Today I’m in London at a meeting of the NUJ’s New Media Industrial Council.
Late last year I gave a talk on the digital future to a branch of the NUJ in Ireland.
They were all aware that the trade they had joined by various routes twenty or more years ago is dying.
I know what I am doing here now is part of the future.
My Google Analytics tell me that this site has more readers than the Sunday Herald and Scotland on Sunday combined.
My two Sunday papers, one Irish one British, cost me over €5.00.
I know from my NUJ activity that costs are being savagely cut in every newspaper.
Many News Desks are virtually on a skeleton staff.
At the same time the price of the product is being raised as the quality is screwed down by the tyranny of the bean counters.
The print sector seems to be in a tail spin and no one has worked out how to make online editions self-financing let alone profitable.
This economic change is being driven by the new media revolution.
This speech by Professor Roy Greenslade in The NUJ’s Irish conference last year is worth another listen.
http://www.nuj.org.uk/files/NewMediaRoy.mp3
In my overnight bag is a small grey device called a Kindle with hundreds of books on it.
This technology is wonderful, liberating, exhilarating, but I grew up with books and newspapers.
I still remember the thrill of my first by-line, an opinion piece in the Scotsman, a quarter of a century ago.
I live with thousands of books they’re old friends. Sometimes I pick one up and find margin note I made before my children were thought of. Often I whoop at the naiveté of a scribbled observation. Occasionally I’m almost impressed at my apparent prescience when I was in my twenties. Almost…

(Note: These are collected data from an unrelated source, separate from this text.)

definition riemannian_metric_on :: "(real^'k::finite) set \<Rightarrow> (real^'k \<Rightarrow> real^'k^'k) \<Rightarrow> bool" where
  "riemannian_metric_on V g \<longleftrightarrow> open V \<and> Csmooth_on V g \<and>
     (\<forall>p\<in>V. (\<forall>a b. g p $ a $ b = g p $ b $ a) \<and> (\<forall>u. u \<noteq> 0 \<longrightarrow> g_inner g p u u > 0))"

definition killing_on :: "(real^'k::finite) set \<Rightarrow> (real^'k \<Rightarrow> real^'k^'k) \<Rightarrow> (real^'k \<Rightarrow> real^'k) \<Rightarrow> bool" where
  "killing_on V g W \<longleftrightarrow> Csmooth_on V W \<and>
     (\<forall>p\<in>V. \<forall>a b. (\<Sum>c\<in>UNIV. W p $ c * pd c (\<lambda>q. g q $ a $ b) p)
                   + (\<Sum>c\<in>UNIV. g p $ c $ b * pd a (\<lambda>q. W q $ c) p)
                   + (\<Sum>c\<in>UNIV. g p $ a $ c * pd b (\<lambda>q. W q $ c) p) = 0)"

definition cov_deriv :: "(real^'k \<Rightarrow> real^'k^'k) \<Rightarrow> (real^'k \<Rightarrow> real^'k) \<Rightarrow> real^'k \<Rightarrow> 'k \<Rightarrow> 'k \<Rightarrow> real" where
  "cov_deriv g W p b e = pd e (\<lambda>q. W q $ b) p + (\<Sum>c\<in>UNIV. christoffel g p b e c * W p $ c)"

definition covd_along :: "(real^'k \<Rightarrow> real^'k^'k) \<Rightarrow> (real^'k \<Rightarrow> real^'k) \<Rightarrow> real^'k \<Rightarrow> real^'k \<Rightarrow> real^'k::finite" where
  "covd_along g W p v = (\<chi> b. \<Sum>e\<in>UNIV. v $ e * cov_deriv g W p b e)"

abbreviation zf :: "(real^'n::finite \<Rightarrow> real^'m::finite) \<Rightarrow> real^'n \<Rightarrow> 'n \<Rightarrow> real^'m" where
  "zf f x i \<equiv> pd i f x"

definition induced_metric :: "(real^'m::finite \<Rightarrow> real^'m^'m) \<Rightarrow> (real^'n::finite \<Rightarrow> real^'m) \<Rightarrow> real^'n \<Rightarrow> real^'n^'n" where
  "induced_metric g f x = (\<chi> i j. \<Sum>a\<in>UNIV. \<Sum>b\<in>UNIV. g (f x) $ a $ b * zf f x i $ a * zf f x j $ b)"

definition hinv :: "(real^'m::finite \<Rightarrow> real^'m^'m) \<Rightarrow> (real^'n::finite \<Rightarrow> real^'m) \<Rightarrow> real^'n \<Rightarrow> real^'n^'n" where
  "hinv g f x = matrix_inv (induced_metric g f x)"

definition immersion_on :: "(real^'n::finite) set \<Rightarrow> (real^'n \<Rightarrow> real^'m::finite) \<Rightarrow> bool" where
  "immersion_on U f \<longleftrightarrow> open U \<and> Csmooth_on U f \<and>
     (\<forall>y\<in>U. \<forall>v::real^'n. (\<Sum>i\<in>UNIV. v $ i *\<^sub>R zf f y i) = 0 \<longrightarrow> v = 0)"

definition unit_normal_on :: "(real^'n::finite) set \<Rightarrow> (real^'m::finite \<Rightarrow> real^'m^'m) \<Rightarrow> (real^'n \<Rightarrow> real^'m) \<Rightarrow> (real^'n \<Rightarrow> real^'m) \<Rightarrow> bool" where
  "unit_normal_on U g f N \<longleftrightarrow> Csmooth_on U N \<and>
     (\<forall>y\<in>U. g_inner g (f y) (N y) (N y) = 1 \<and> (\<forall>i. g_inner g (f y) (N y) (zf f y i) = 0))"

definition sff :: "(real^'m::finite \<Rightarrow> real^'m^'m) \<Rightarrow> (real^'n::finite \<Rightarrow> real^'m) \<Rightarrow> real^'n \<Rightarrow> 'm \<Rightarrow> 'n \<Rightarrow> 'n \<Rightarrow> real" where
  "sff g f x a i j = pd i (\<lambda>y. zf f y j $ a) x
     + (\<Sum>t\<in>UNIV. \<Sum>d\<in>UNIV. christoffel g (f x) a t d * zf f x j $ t * zf f x i $ d)
     - (\<Sum>k\<in>UNIV. christoffel (induced_metric g f) x k i j * zf f x k $ a)"

definition Acoef :: "(real^'m::finite \<Rightarrow> real^'m^'m) \<Rightarrow> (real^'n::finite \<Rightarrow> real^'m) \<Rightarrow> real^'n \<Rightarrow> 'n \<Rightarrow> 'm \<Rightarrow> real" where
  "Acoef g f x i a = (\<Sum>j\<in>UNIV. hinv g f x $ i $ j * zf f x j $ a)"

definition Bup :: "(real^'m::finite \<Rightarrow> real^'m^'m) \<Rightarrow> (real^'n::finite \<Rightarrow> real^'m) \<Rightarrow> real^'n \<Rightarrow> 'm \<Rightarrow> 'm \<Rightarrow> real" where
  "Bup g f x a b = (\<Sum>i\<in>UNIV. \<Sum>j\<in>UNIV. hinv g f x $ i $ j * zf f x i $ a * zf f x j $ b)"

definition Bmix :: "(real^'m::finite \<Rightarrow> real^'m^'m) \<Rightarrow> (real^'n::finite \<Rightarrow> real^'m) \<Rightarrow> real^'n \<Rightarrow> 'm \<Rightarrow> 'm \<Rightarrow> real" where
  "Bmix g f x a b = (\<Sum>d\<in>UNIV. Bup g f x a d * g (f x) $ d $ b)"

definition tang_field :: "(real^'m::finite \<Rightarrow> real^'m^'m) \<Rightarrow> (real^'m \<Rightarrow> real^'m) \<Rightarrow> (real^'n::finite \<Rightarrow> real^'m) \<Rightarrow> real^'n \<Rightarrow> real^'n" where
  "tang_field g W f x = (\<chi> j. \<Sum>i\<in>UNIV. \<Sum>a\<in>UNIV. hinv g f x $ i $ j * lower g (f x) (W (f x)) $ a * zf f x i $ a)"

definition push :: "(real^'n::finite \<Rightarrow> real^'m::finite) \<Rightarrow> real^'n \<Rightarrow> real^'n \<Rightarrow> real^'m" where
  "push f x v = (\<Sum>j\<in>UNIV. v $ j *\<^sub>R zf f x j)"

definition wfun :: "(real^'m::finite \<Rightarrow> real^'m^'m) \<Rightarrow> (real^'m \<Rightarrow> real^'m) \<Rightarrow> (real^'n::finite \<Rightarrow> real^'m) \<Rightarrow> (real^'n \<Rightarrow> real^'m) \<Rightarrow> real^'n \<Rightarrow> real" where
  "wfun g W f N y = g_inner g (f y) (N y) (W (f y))"

definition grad_h :: "(real^'m::finite \<Rightarrow> real^'m^'m) \<Rightarrow> (real^'n::finite \<Rightarrow> real^'m) \<Rightarrow> (real^'n \<Rightarrow> real) \<Rightarrow> real^'n \<Rightarrow> real^'n" where
  "grad_h g f \<phi> x = (\<chi> j. \<Sum>i\<in>UNIV. hinv g f x $ i $ j * pd i \<phi> x)"

definition normsq :: "(real^'k \<Rightarrow> real^'k^'k) \<Rightarrow> (real^'k \<Rightarrow> real^'k) \<Rightarrow> real^'k::finite \<Rightarrow> real" where
  "normsq g W q = g_inner g q (W q) (W q)"

definition dirderiv :: "(real^'k::finite \<Rightarrow> real) \<Rightarrow> real^'k \<Rightarrow> real^'k \<Rightarrow> real" where
  "dirderiv \<phi> p v = (\<Sum>a\<in>UNIV. v $ a * pd a \<phi> p)"

end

A friend recently told me that she had found some love letters from her grandfather to her grandmother in an attic.
Real treasure.
What will future generations find in their attics?
Text messages?
I still buy cards and sit down and write my thoughts on them to and then send them to people who mean a lot to me.
Then next day or so the people at An Post do the business and there is something tangible from me to another.
I know this would never occur to any of my teenage children.
They have Facebook.
I don’t think we need to take to the woods like Guy Montague and memorise books, writing will survive, journalism will survive, but with all of this information instantly available, I do wonder what lines of poetry or scenes from literature will future generations store in their heads as their secret treasures?